Logging out from Web UI still raises Airflow 405 error

[punx120]

Apache Airflow version

2.10.4

If "Other Airflow 2 version" selected, which one?

No response

What happened?

I still have the same error as described in #40470 even though i'm running 2.10.4 with apache-airflow-providers-fab 1.4.0. It's probably linked to some package - but i did ran
pip install "apache-airflow==2.10.4" --constraint "https://raw.githubusercontent.com/apache/airflow/constraints-2.10.4/constraints-3.8.txt"

What you think should happen instead?

logout process needs to complete correctly

How to reproduce

connected as admin and try to logout

Operating System

Fedora 8.3

Versions of Apache Airflow Providers

apache-airflow-providers-fab==1.4.0

Deployment

Official Apache Airflow Helm Chart

Deployment details

No response

Anything else?

No response

Are you willing to submit PR?

• Yes I am willing to submit a PR!

Code of Conduct

• I agree to follow this project's Code of Conduct

[Spaarsh]

Hey! I would like to work on this issue!

[Spaarsh]

(I have already posted a comment under the referenced issue and am posting the same comment here as well.)

It took me a while to triage this issue. I went through the main-branch code as well as the last released source code of airflow (2.10.4). I think I may have a way of solving this. Please correct me if I am wrong!

Triaging

I thoroughly went through the entirety of the auth-related code (to the best of my ability). There is no wrong method being called. But since the FAB requires us to not allow any GET requests at the /logout API endpoint, the HTML can't be rendered when a user manually enters the URL in the browser point.

Before moving further though, I wanted to ensure that the /logout endpoint does work for POST requests. There is one instance of a JS code sending a POST request to the /logout endpoint via the no_roles_permissions.html, where there is a logout button. In order to test this, I created a user with no roles using the command:

airflow users create \
    --username no_roles_user \
    --firstname No \
    --lastname Roles \
    --email [email protected] \
    --password your_password \
    --role Public

When I then went to the /home page, the expected page showed up:

When I clicked on the "logout" button, I was successfully able to log out, indicating no fault at the endpoint itself.

Solution

Hence my solution is as follows:
We can create a new endpoint such as /logout_page which renders an HTML which has a logout button. The logout button has a JS event handler that sends the POST request to the /logout endpoint, resulting in successful logout using GUI.

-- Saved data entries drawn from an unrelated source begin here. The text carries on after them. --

lemma real_analytic_on_iff_power_series_at:
  "real_analytic_on f U \<longleftrightarrow> (\<forall>a\<in>U. power_series_at f a)"
proof
  assume analytic: "real_analytic_on f U"
  show "\<forall>a\<in>U. power_series_at f a"
  proof
    fix a
    assume "a \<in> U"
    then obtain c e where "e > 0"
      and expansion: "\<forall>x\<in>ball a e. ((\<lambda>\<alpha>. c \<alpha> * multi_pow (x - a) \<alpha>) has_sum f x) UNIV"
      using analytic unfolding real_analytic_on_def multi_pow_diff by blast
    define t where "t = e / 4"
    define x0 where "x0 = a + (\<chi> k. t)"
    have "norm (\<chi> k::3. t) \<le> (\<Sum>k\<in>UNIV. \<bar>(\<chi> k::3. t) $ k\<bar>)"
      by (rule norm_le_l1_cart)
    also have "\<dots> < e"
      using \<open>e > 0\<close> by (simp add: t_def)
    finally have "x0 \<in> ball a e"
      by (simp add: x0_def dist_norm)
    then have "(\<lambda>\<alpha>. \<bar>c \<alpha> * multi_pow (x0 - a) \<alpha>\<bar>) summable_on UNIV"
      using expansion has_sum_imp_summable summable_on_abs_real by blast
    moreover have "multi_pow (x0 - a) \<alpha> = t ^ multi_deg \<alpha>" for \<alpha>
      by (simp add: x0_def multi_pow_def multi_deg_def power_sum)
    ultimately have "(\<lambda>\<alpha>. \<bar>c \<alpha>\<bar> * t ^ multi_deg \<alpha>) summable_on UNIV"
      using \<open>e > 0\<close> by (simp add: abs_mult t_def)
    then show "power_series_at f a"
      using \<open>e > 0\<close> expansion by (intro power_series_atI[of t e]) (auto simp: t_def)
  qed
next
  assume series: "\<forall>a\<in>U. power_series_at f a"
  show "real_analytic_on f U"
    unfolding real_analytic_on_def multi_pow_diff[symmetric]
  proof
    fix a
    assume "a \<in> U"
    then have "power_series_at f a"
      using series by blast
    then obtain c t e where "0 < e"
      "\<And>x. x \<in> ball a e \<Longrightarrow> ((\<lambda>\<alpha>. c \<alpha> * multi_pow (x - a) \<alpha>) has_sum f x) UNIV"
      by (elim power_series_atE) blast
    then show "\<exists>c. \<exists>e>0. \<forall>x\<in>ball a e. ((\<lambda>\<alpha>. c \<alpha> * multi_pow (x - a) \<alpha>) has_sum f x) UNIV"
      by blast
  qed
qed

lemma real_analytic_on_const: "real_analytic_on (\<lambda>x. k) U"
  by (simp add: real_analytic_on_iff_power_series_at power_series_at_const)

lemma real_analytic_on_component: "real_analytic_on (\<lambda>x. x $ j) U"
  by (simp add: real_analytic_on_iff_power_series_at power_series_at_coord)

lemma real_analytic_on_add:
  "real_analytic_on f U \<Longrightarrow> real_analytic_on g U \<Longrightarrow> real_analytic_on (\<lambda>x. f x + g x) U"
  by (simp add: real_analytic_on_iff_power_series_at power_series_at_add)

lemma real_analytic_on_diff:
  "real_analytic_on f U \<Longrightarrow> real_analytic_on g U \<Longrightarrow> real_analytic_on (\<lambda>x. f x - g x) U"
  by (simp add: real_analytic_on_iff_power_series_at power_series_at_diff)

lemma real_analytic_on_minus:
  "real_analytic_on f U \<Longrightarrow> real_analytic_on (\<lambda>x. - f x) U"
  by (simp add: real_analytic_on_iff_power_series_at power_series_at_minus)

lemma real_analytic_on_mult:
  "real_analytic_on f U \<Longrightarrow> real_analytic_on g U \<Longrightarrow> real_analytic_on (\<lambda>x. f x * g x) U"
  by (simp add: real_analytic_on_iff_power_series_at power_series_at_mult)

lemma real_analytic_on_sum:
  "finite S \<Longrightarrow> (\<And>i. i \<in> S \<Longrightarrow> real_analytic_on (f i) U) \<Longrightarrow> real_analytic_on (\<lambda>x. \<Sum>i\<in>S. f i x) U"
  by (simp add: real_analytic_on_iff_power_series_at power_series_at_sum)

lemma real_analytic_on_prod:
  "finite S \<Longrightarrow> (\<And>i. i \<in> S \<Longrightarrow> real_analytic_on (f i) U) \<Longrightarrow> real_analytic_on (\<lambda>x. \<Prod>i\<in>S. f i x) U"
  by (simp add: real_analytic_on_iff_power_series_at power_series_at_prod)

lemma real_analytic_on_sqrt:
  "real_analytic_on f U \<Longrightarrow> (\<And>x. x \<in> U \<Longrightarrow> f x > 0) \<Longrightarrow> real_analytic_on (\<lambda>x. sqrt (f x)) U"
  by (simp add: real_analytic_on_iff_power_series_at power_series_at_sqrt)

lemma real_analytic_on_power: "real_analytic_on f U \<Longrightarrow> real_analytic_on (\<lambda>x. f x ^ n) U"
  by (induction n) (simp_all add: real_analytic_on_const real_analytic_on_mult)

lemma real_analytic_on_divide:
  assumes "real_analytic_on f U" "real_analytic_on g U" "\<And>x. x \<in> U \<Longrightarrow> g x \<noteq> 0"
  shows "real_analytic_on (\<lambda>x. f x / g x) U"
proof -
  have "power_series_at (\<lambda>x. f x * (1 / g x)) a" if "a \<in> U" for a
    using assms that unfolding real_analytic_on_iff_power_series_at
    by (intro power_series_at_mult power_series_at_inverse) auto
  then show ?thesis
    by (simp add: real_analytic_on_iff_power_series_at)
qed

lemma real_analytic_on_inverse_sqrt_abs:
  "real_analytic_on f U \<Longrightarrow> (\<And>x. x \<in> U \<Longrightarrow> f x \<noteq> 0) \<Longrightarrow> real_analytic_on (\<lambda>x. 1 / sqrt \<bar>f x\<bar>) U"
  by (simp add: real_analytic_on_iff_power_series_at power_series_at_inverse_sqrt_abs)

lemma real_analytic_on_cong:
  assumes "real_analytic_on f U" "open U" "\<And>x. x \<in> U \<Longrightarrow> f x = g x"
  shows "real_analytic_on g U"
  unfolding real_analytic_on_iff_power_series_at
proof
  fix a
  assume "a \<in> U"
  then obtain d where "d > 0" "ball a d \<subseteq> U"
    using \<open>open U\<close> open_contains_ball by blast
  then show "power_series_at g a"
    using assms(1,3) \<open>a \<in> U\<close> by (rule_tac power_series_at_cong[of f a d]) (auto simp: real_analytic_on_iff_power_series_at)
qed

This way, the GET request doesn't happen on our /logout endpoint itself (thus not violating any FAB requirements) while also enabling a GUI-based logout action.

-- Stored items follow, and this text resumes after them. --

lemma fourier_lin2_coeffs:
  assumes "finite V" "\<forall>j<m. \<alpha> j \<subseteq> V"
  shows "fourier V (lin2_coeffs m \<alpha> b w) A
    = 2 * int (sat_weight m \<alpha> b w (\<lambda>i. i \<in> A)) - int (\<Sum>j<m. w j)"
proof -
  have "fourier V (lin2_coeffs m \<alpha> b w) A
      = (\<Sum>S\<in>Pow V. \<Sum>j\<in>{j\<in>{..<m}. \<alpha> j = S}. (if b j then - int (w j) else int (w j)) * chi (\<alpha> j) A)"
    unfolding fourier_def lin2_coeffs_def by (simp add: sum_distrib_right)
  also have "\<dots> = (\<Sum>j<m. (if b j then - int (w j) else int (w j)) * chi (\<alpha> j) A)"
    by (rule sum.group) (use assms in auto)
  also have "\<dots> = (\<Sum>j<m. if eq_sat (\<lambda>i. i \<in> A) (\<alpha> j) (b j) then int (w j) else - int (w j))"
  proof (rule sum.cong[OF refl])
    fix j
    have "{i \<in> \<alpha> j. i \<in> A} = \<alpha> j \<inter> A" by auto
    thus "(if b j then - int (w j) else int (w j)) * chi (\<alpha> j) A
        = (if eq_sat (\<lambda>i. i \<in> A) (\<alpha> j) (b j) then int (w j) else - int (w j))"
      unfolding chi_def eq_sat_def by (cases "even (card (\<alpha> j \<inter> A))") auto
  qed
  finally show ?thesis
    unfolding sum_signed_split sat_weight_def by (simp add: of_nat_sum)
qed

lemma lin2_coeffs_low_degree:
  assumes "lin2_instance r n m \<alpha> w"
  shows "low_degree {1..n} (r n) (lin2_coeffs m \<alpha> b w)"
  unfolding low_degree_def
proof (intro allI impI)
  fix S assume "lin2_coeffs m \<alpha> b w S \<noteq> 0"
  hence "{j. j < m \<and> \<alpha> j = S} \<noteq> {}" unfolding lin2_coeffs_def by (metis sum.empty)
  then obtain j where "j < m" "\<alpha> j = S" by blast
  thus "S \<subseteq> {1..n} \<and> S \<noteq> {} \<and> card S \<le> r n" using assms unfolding lin2_instance_def by auto
qed

text \<open>With pairwise distinct left-hand sides no coefficient cancels, so every variable survives.\<close>
lemma lin2_coeffs_vars:
  assumes inst: "lin2_instance r n m \<alpha> w" and distinct: "\<forall>j<m. \<forall>p<m. j \<noteq> p \<longrightarrow> \<alpha> j \<noteq> \<alpha> p"
  shows "vars (lin2_coeffs m \<alpha> b w) = {1..n}"
proof
  show "vars (lin2_coeffs m \<alpha> b w) \<subseteq> {1..n}"
    by (rule low_degree_vars[OF lin2_coeffs_low_degree[OF inst]])
  show "{1..n} \<subseteq> vars (lin2_coeffs m \<alpha> b w)"
  proof
    fix i assume "i \<in> {1..n}"
    then obtain j where j: "j < m" "i \<in> \<alpha> j" using inst unfolding lin2_instance_def by blast
    have single: "{j'. j' < m \<and> \<alpha> j' = \<alpha> j} = {j}" using distinct j(1) by auto
    have "0 < w j" using inst j(1) unfolding lin2_instance_def by auto
    hence "lin2_coeffs m \<alpha> b w (\<alpha> j) \<noteq> 0" unfolding lin2_coeffs_def single by simp
    thus "i \<in> vars (lin2_coeffs m \<alpha> b w)" using j unfolding vars_def by auto
  qed
qed

theorem lemma3:
  fixes r :: "nat \<Rightarrow> nat" and n m k :: nat
    and \<alpha> :: "nat \<Rightarrow> nat set" and b :: "nat \<Rightarrow> bool" and w :: "nat \<Rightarrow> nat"
  assumes "0 < n"
    and "lin2_instance r n m \<alpha> w"
    and "\<forall>j<m. \<forall>p<m. j \<noteq> p \<longrightarrow> \<alpha> j \<noteq> \<alpha> p"
    and "n \<ge> 2 ^ k * r n"
  shows "yes_instance m \<alpha> b w k"
proof -
  let ?c = "lin2_coeffs m \<alpha> b w"
  have inst: "\<forall>j<m. \<alpha> j \<noteq> {} \<and> \<alpha> j \<subseteq> {1..n} \<and> card (\<alpha> j) \<le> r n"
    "\<forall>i\<in>{1..n}. \<exists>j<m. i \<in> \<alpha> j"
    using assms(2) unfolding lin2_instance_def by auto
  have "1 \<in> {1..n}" using assms(1) by simp
  then obtain j where j: "j < m" "1 \<in> \<alpha> j" using inst(2) by blast
  hence "finite (\<alpha> j)" "\<alpha> j \<noteq> {}" "card (\<alpha> j) \<le> r n"
    using inst(1) by (auto intro: finite_subset)
  hence R_pos: "1 \<le> r n" by (metis card_0_eq le_trans less_one not_le)
  have "2 ^ k * r n < card (vars ?c) + 2 * r n"
    using assms(4) R_pos lin2_coeffs_vars[OF assms(2,3)] by simp
  then obtain A where "int k \<le> fourier {1..n} ?c A"
    using fourier_lower_bound[OF _ lin2_coeffs_low_degree[OF assms(2)] R_pos] by blast
  hence "int k \<le> 2 * int (sat_weight m \<alpha> b w (\<lambda>i. i \<in> A)) - int (\<Sum>j<m. w j)"
    using fourier_lin2_coeffs[of "{1..n}"] inst(1) by simp
  hence "real k \<le> 2 * real (sat_weight m \<alpha> b w (\<lambda>i. i \<in> A)) - real (\<Sum>j<m. w j)"
    by linarith
  hence "(real (\<Sum>j<m. w j) + real k) / 2 \<le> real (sat_weight m \<alpha> b w (\<lambda>i. i \<in> A))"
    by simp
  thus ?thesis unfolding yes_instance_def by blast
qed

end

If this is the correct approach, I am willing to open a PR.

[shahar1]

@Spaarsh well analyzed, solution seems solid.
Feel free to tag me in your PR for review

[Spaarsh]

@shahar1 Sure! I had a question though. Should I add the logout button on some existing html page? Or provide a hyperlink on some existing page?

[shahar1]

@shahar1 Sure! I had a question though. Should I add the logout button on some existing html page? Or provide a hyperlink on some existing page?

Just try to make it as much as trivial to the user, as logging out should be a simple action. If you encounter any limitations, we could discuss them in the PR.

[Spaarsh]

@punx120 could you please tell us the steps to recreate this error? That will greatly help in fixing it. Thanks!

[punx120]

@punx120 could you please tell us the steps to recreate this error? That will greatly help in fixing it. Thanks!

I simply click on the logout link.

[punx120]

On a fresh install, it works - so it must be a config and/or package conflict - will try to dig into it

[Spaarsh]

Next time the error occurs, inspect the logout button and check the corresponding action that is being taken on clicking it. From what I have discerned, the error should only surface if a GET request is sent at the /logout/ endpoint. Check in the webserver logs as well and check the request being sent. If it is GET, then we may have a lead.

[potiuk]

And take a look also at the providers reported by webserver (in the webserver menu). It could be that your webserver had - for whatever reason - different provider installed - or maybe even different airflow+provider installed when you run it. And it this case the error is on the side of provider installed in the webserver.

[potiuk]

I convert it to a discussion as well - as it's something differnt - the issue seems to be solved but we might still discuss what's the problem you encountered with packages.